Crucially, if simplicity and clarity in the system was the priority then an hours-based method for calculating annual leave would be the clear winner and leave would accumulate at a set rate, for example, at 8 per cent for each hour worked (for salaried workers, this would apply to the hours set out in the employment agreement plus paid overtime). Leave use would also be measured in hours. MBIE's assessment is plain: this is the "preferred option [when] simplicity is prioritised".
In contrast, under the current system and enduring through the revisions the Government ultimately announced this week, annual holiday entitlements are calculated, taken, and paid in weeks, or portions of weeks. This involves considerable complexity for anyone whose work entails variable hours and pay arrangements.
Business and payroll providers have called loudly for the simple hours-based system. Even the Department of Internal Affairs, as a voice for the bureaucracy's payroll providers, appears to favour the method (Cabinet papers note it called for more "certainty, transparency and practicality" than the Government's planned changes to the act promise.
The problem is that the unions don't like it and therefore the Government's taskforce could not agree to recommend it. The unions don't like it because - while it would make most employees better off, and everyone would be able to get their heads around their own leave entitlements - it would make those who increase their hours and want to take annual holidays soon after, a little worse off. And by comparison, it would make more employees worse off than sticking with the weeks-based method.
Within the context of changes to the Holiday Act it's strange that the Government didn't have the backbone to favour enduring simplicity. After all, the suite of overall changes to the act that it's adopted still delivers an estimated total of $281m in other benefits to employees, including earlier and wider access to bereavement, sick and family violence leave, as well as more annual holiday pay for employees returning from parental leave.
And in the context of the broader labour market changes the Government has in train, the resistance to any employee disadvantage is more dogmatic still.
In the past six months alone, Minister Wood and Prime Minister Jacinda Ardern have confirmed they will layer on an additional $2 billion in payroll costs, close to 2 per cent of the country's salary and wage bill (MBIE based its cost estimates for the respective changes on the 2019 wage bill: $109b). All of that cost will be added to employers, while the benefit will flow to employees.

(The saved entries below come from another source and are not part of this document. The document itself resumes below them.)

(* Let $P$ be a set of $n$ points in $\mathbb{R}^2$ in general position, and consider any convex hull peeling process on $P$, i.e. any sequence of steps each deleting one vertex of the convex hull of the current point set. Then the total number of times any point becomes active for any hull point (over the initial configuration and all steps of the process) is at most $3n$.
   Context: For the current point set $S$, $L^1$ is the set of vertices of $CH(S)$ and $L^2$ the set of vertices of $CH(S\setminus L^1)$. For consecutive points $(t,u,v)$ of $L^1$, a point $p$ is active for $u$ (equivalently, active in $u$'s triangle $\triangle(t,u,v)$) if, upon deleting $u$ from $S$ and recomputing the first and second convex layers, $p$ moves to the first layer. A point $p$ becomes active for $u$ at a given configuration if it is active for $u$ there but was not active for $u$ in the previous configuration (or if this is the initial configuration). *)

theory Defs
  imports "HOL-Analysis.Analysis"
begin

type_synonym pt = "real \<times> real"

definition general_position :: "pt set \<Rightarrow> bool" where
  "general_position P \<longleftrightarrow>
     (\<forall>a\<in>P. \<forall>b\<in>P. \<forall>c\<in>P. a \<noteq> b \<and> a \<noteq> c \<and> b \<noteq> c \<longrightarrow> \<not> collinear {a, b, c})"

definition layer1 :: "pt set \<Rightarrow> pt set" where
  "layer1 S = {p \<in> S. p \<notin> convex hull (S - {p})}"

definition layer2 :: "pt set \<Rightarrow> pt set" where
  "layer2 S = layer1 (S - layer1 S)"

definition active :: "pt set \<Rightarrow> pt \<Rightarrow> pt \<Rightarrow> bool" where
  "active S u p \<longleftrightarrow> u \<in> layer1 S \<and> p \<in> S - {u} \<and> p \<notin> layer1 S \<and> p \<in> layer1 (S - {u})"

definition peeling_process :: "pt set \<Rightarrow> (nat \<Rightarrow> pt set) \<Rightarrow> nat \<Rightarrow> bool" where
  "peeling_process P S m \<longleftrightarrow> S 0 = P \<and>
     (\<forall>i<m. \<exists>u\<in>layer1 (S i). S (Suc i) = S i - {u})"

definition activation_events :: "(nat \<Rightarrow> pt set) \<Rightarrow> nat \<Rightarrow> (nat \<times> pt \<times> pt) set" where
  "activation_events S m = {(i, u, p). i \<le> m \<and> active (S i) u p \<and>
      (i = 0 \<or> \<not> active (S (i - 1)) u p)}"

end

theory Submission
  imports Defs
begin

text \<open>
  Deleting points only shrinks the set, and a hull vertex of a set stays a hull vertex of
  every subset containing it. Hence once p is active for u, it stays active for u as long as
  p is present and not on the hull; in particular every pair (u, p) becomes active at most
  once, and all u for which p is ever active are active simultaneously at the last moment
  p is active for anyone. At that moment each such u lies in every Caratheodory triangle
  witnessing that p is in the hull of the other points, so there are at most three of them.
\<close>

lemma layer1_subset: "layer1 S \<subseteq> S"
  unfolding layer1_def by blast

lemma layer1_antimono:
  assumes "p \<in> layer1 A" "p \<in> B" "B \<subseteq> A"
  shows "p \<in> layer1 B"
proof -
  have "convex hull (B - {p}) \<subseteq> convex hull (A - {p})"
    using assms(3) by (intro hull_mono) blast
  then show ?thesis
    using assms unfolding layer1_def by blast
qed

lemma active_subset:
  assumes act: "active A u p" and "B \<subseteq> A" "p \<in> B" "p \<notin> layer1 B"
  shows "active B u p"
proof -
  have p_layer: "p \<in> layer1 (A - {u})" and u_layer: "u \<in> layer1 A" and "p \<noteq> u"
    using act unfolding active_def by auto
  have "u \<in> B"
  proof (rule ccontr)
    assume "u \<notin> B"
    with assms(2) have "B \<subseteq> A - {u}"
      by blast
    with assms(3,4) show False
      using layer1_antimono[OF p_layer] by blast
  qed
  then have "u \<in> layer1 B"
    using assms(2) by (rule layer1_antimono[OF u_layer])
  moreover have "p \<in> layer1 (B - {u})"
  proof (rule layer1_antimono[OF p_layer])
    show "p \<in> B - {u}" "B - {u} \<subseteq> A - {u}"
      using assms(2,3) \<open>p \<noteq> u\<close> by auto
  qed
  ultimately show ?thesis
    using assms(3,4) \<open>p \<noteq> u\<close> unfolding active_def by blast
qed

lemma hull_essential_points_caratheodory:
  fixes p :: "'a::euclidean_space"
  assumes "p \<in> convex hull T"
  obtains B where "finite B" "card B \<le> DIM('a) + 1" "{u. p \<notin> convex hull (T - {u})} \<subseteq> B"
proof -
  obtain B where B: "finite B" "B \<subseteq> T" "card B \<le> DIM('a) + 1" "p \<in> convex hull B"
    using assms unfolding caratheodory[of T] by blast
  have "{u. p \<notin> convex hull (T - {u})} \<subseteq> B"
  proof
    fix u assume essential: "u \<in> {u. p \<notin> convex hull (T - {u})}"
    show "u \<in> B"
    proof (rule ccontr)
      assume "u \<notin> B"
      then have "convex hull B \<subseteq> convex hull (T - {u})"
        using B(2) by (intro hull_mono) blast
      with B(4) essential show False
        by blast
    qed
  qed
  with B(1,3) show ?thesis
    by (rule that)
qed

lemma active_caratheodory:
  obtains B :: "pt set" where "finite B" "card B \<le> 3" "{u. active S u p} \<subseteq> B"
proof (cases "\<exists>u. active S u p")
  case False
  then show ?thesis
    by (intro that[of "{}"]) auto
next
  case True
  then have "p \<in> convex hull (S - {p})"
    unfolding active_def layer1_def by auto
  then obtain B where B: "finite B" "card B \<le> DIM(pt) + 1"
      "{u. p \<notin> convex hull (S - {p} - {u})} \<subseteq> B"
    by (rule hull_essential_points_caratheodory)
  have "{u. active S u p} \<subseteq> B"
  proof
    fix u assume "u \<in> {u. active S u p}"
    then have "p \<notin> convex hull (S - {u} - {p})"
      unfolding active_def layer1_def by blast
    moreover have "S - {u} - {p} = S - {p} - {u}"
      by blast
    ultimately show "u \<in> B"
      using B(3) by auto
  qed
  moreover have "card B \<le> 3"
    using B(2) by simp
  ultimately show ?thesis
    using B(1) that by blast
qed

lemma peeling_process_antimono:
  assumes pp: "peeling_process P S m" and "i \<le> j" "j \<le> m"
  shows "S j \<subseteq> S i"
  using assms(2,3)
proof (induction j rule: dec_induct)
  case base
  then show ?case by simp
next
  case (step j)
  then have "j < m" by simp
  then obtain w where "S (Suc j) = S j - {w}"
    using pp unfolding peeling_process_def by blast
  with step show ?case by auto
qed

lemma peeling_process_subset:
  assumes "peeling_process P S m" "j \<le> m"
  shows "S j \<subseteq> P"
  using peeling_process_antimono[OF assms(1) _ assms(2), of 0] assms(1)
  unfolding peeling_process_def by auto

lemma active_between:
  assumes pp: "peeling_process P S m" and "i \<le> j" "j \<le> k" "k \<le> m"
    and "active (S i) u p" "active (S k) u p"
  shows "active (S j) u p"
proof -
  have shrink: "S k \<subseteq> S j" "S j \<subseteq> S i"
    using peeling_process_antimono[OF pp] assms(2-4) by auto
  have "p \<in> S k" "p \<notin> layer1 (S k)"
    using assms(6) unfolding active_def by auto
  then have "p \<in> S j" "p \<notin> layer1 (S j)"
    using shrink(1) layer1_antimono[OF _ \<open>p \<in> S k\<close> shrink(1)] by blast+
  then show ?thesis
    by (rule active_subset[OF assms(5) shrink(2)])
qed

lemma activation_event_unique:
  assumes pp: "peeling_process P S m"
    and "(i, u, p) \<in> activation_events S m" "(k, u, p) \<in> activation_events S m"
  shows "i = k"
proof -
  have not_less: "\<not> i' < k'"
    if "(i', u, p) \<in> activation_events S m" "(k', u, p) \<in> activation_events S m" for i' k'
  proof
    assume "i' < k'"
    with that have "active (S i') u p" "k' \<le> m" "active (S k') u p"
      and "\<not> active (S (k' - 1)) u p"
      unfolding activation_events_def by auto
    with active_between[OF pp, of i' "k' - 1" k'] \<open>i' < k'\<close> show False
      by simp
  qed
  show ?thesis
    using not_less[OF assms(2,3)] not_less[OF assms(3,2)] by simp
qed

lemma card_ever_active_le_3:
  assumes pp: "peeling_process P S m"
  shows "card {u. \<exists>i\<le>m. active (S i) u p} \<le> 3"
proof (cases "\<exists>i\<le>m. \<exists>u. active (S i) u p")
  case False
  then have "{u. \<exists>i\<le>m. active (S i) u p} = {}"
    by blast
  then show ?thesis
    by (simp only: card.empty)
next
  case True
  define k where "k = Max {i. i \<le> m \<and> (\<exists>u. active (S i) u p)}"
  have "k \<le> m" and "\<exists>u. active (S k) u p"
    using Max_in[of "{i. i \<le> m \<and> (\<exists>u. active (S i) u p)}"] True unfolding k_def by auto
  then have p_inner: "p \<in> S k" "p \<notin> layer1 (S k)"
    unfolding active_def by auto
  have "{u. \<exists>i\<le>m. active (S i) u p} \<subseteq> {u. active (S k) u p}"
  proof
    fix u assume "u \<in> {u. \<exists>i\<le>m. active (S i) u p}"
    then obtain i where "i \<le> m" "active (S i) u p"
      by blast
    then have "i \<le> k"
      unfolding k_def by (intro Max_ge) (simp, blast)
    then have "S k \<subseteq> S i"
      using peeling_process_antimono[OF pp] \<open>k \<le> m\<close> by blast
    then show "u \<in> {u. active (S k) u p}"
      using active_subset[OF \<open>active (S i) u p\<close> _ p_inner] by blast
  qed
  moreover obtain B where "finite B" "card B \<le> 3" "{u. active (S k) u p} \<subseteq> B"
    by (rule active_caratheodory)
  ultimately have "card {u. \<exists>i\<le>m. active (S i) u p} \<le> card B"
    by (intro card_mono) auto
  with \<open>card B \<le> 3\<close> show ?thesis
    by linarith
qed

lemma activation_events_inj:
  assumes "peeling_process P S m"
  shows "inj_on (\<lambda>(i, u, p). (p, u)) (activation_events S m)"
proof (rule inj_onI)
  fix x y
  assume "x \<in> activation_events S m" "y \<in> activation_events S m"
    and "(\<lambda>(i, u, p). (p, u)) x = (\<lambda>(i, u, p). (p, u)) y"
  moreover obtain i u p k u' p' where "x = (i, u, p)" "y = (k, u', p')"
    by (metis prod_cases3)
  ultimately show "x = y"
    using activation_event_unique[OF assms] by simp
qed

lemma activation_events_image_subset:
  assumes pp: "peeling_process P S m"
  shows "(\<lambda>(i, u, p). (p, u)) ` activation_events S m
    \<subseteq> (SIGMA p:P. {u. \<exists>i\<le>m. active (S i) u p})"
proof (rule image_subsetI)
  fix x assume "x \<in> activation_events S m"
  moreover obtain i u p where x: "x = (i, u, p)"
    by (metis prod_cases3)
  ultimately have "i \<le> m" "active (S i) u p"
    unfolding activation_events_def by auto
  moreover from this have "p \<in> P"
    using peeling_process_subset[OF pp] unfolding active_def by auto
  ultimately show "(\<lambda>(i, u, p). (p, u)) x \<in> (SIGMA p:P. {u. \<exists>i\<le>m. active (S i) u p})"
    unfolding x by auto
qed

lemma finite_ever_active:
  assumes "peeling_process P S m" "finite P"
  shows "finite {u. \<exists>i\<le>m. active (S i) u p}"
proof (rule finite_subset[OF _ assms(2)])
  show "{u. \<exists>i\<le>m. active (S i) u p} \<subseteq> P"
    using peeling_process_subset[OF assms(1)] layer1_subset unfolding active_def by blast
qed

theorem theorem2:
  fixes P :: "pt set" and n m :: nat and S :: "nat \<Rightarrow> pt set"
  assumes "finite P" and "card P = n" and "general_position P"
    and "peeling_process P S m"
  shows "card (activation_events S m) \<le> 3 * n"
proof -
  define A where "A p = {u. \<exists>i\<le>m. active (S i) u p}" for p
  have A_finite: "finite (A p)" for p
    unfolding A_def using assms(4,1) by (rule finite_ever_active)
  have "card (activation_events S m) \<le> card (Sigma P A)"
  proof (rule card_inj_on_le[OF activation_events_inj[OF assms(4)]])
    show "(\<lambda>(i, u, p). (p, u)) ` activation_events S m \<subseteq> Sigma P A"
      unfolding A_def by (rule activation_events_image_subset[OF assms(4)])
    show "finite (Sigma P A)"
      using assms(1) A_finite by blast
  qed
  also have "\<dots> = (\<Sum>p\<in>P. card (A p))"
    using assms(1) A_finite by (simp add: card_SigmaI)
  also have "\<dots> \<le> (\<Sum>p\<in>P. 3)"
    unfolding A_def using card_ever_active_le_3[OF assms(4)] by (rule sum_mono)
  finally show ?thesis
    using assms(2) by simp
qed

end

First there was the announcement by Ardern, during the election campaign last year, that in 2022 the Government will make Matariki a new public holiday. MBIE estimates the cost at $377m to $448m a year.
Immediately after the election, the newly minted Minister Wood introduced a bill to double employees' minimum sick leave entitlement, from 5 days to ten. That'll cost employers another $1b a year.
Hard on the heels of that announcement, the Cabinet pushed ahead with a 5.8 per cent hike to the minimum wage, scheduled for April 1, 2021. The cost: $216m a year. This despite MBIE's advice that Covid-19 effects on the economy remain highly uncertain, and that the Government should slash the contemplated wage hike down to an increase of just 1 per cent and delay implementation by six months to October this year. The Government, however, pressed on.
Intent on helping the "supermarket workers, cleaners and security guards" who have worked through Covid outbreaks, Minister Wood said at the time.
The irony is that with each step the Government takes to execute its doctrine of unstintingly favouring employees it pushes more determinedly on business, and employers generally, to reconsider their labour requirements.
Somewhere there is a tipping point, where efforts that are intended to benefit workers will actually discourage additional hiring and hurt the very people the Government intends to help.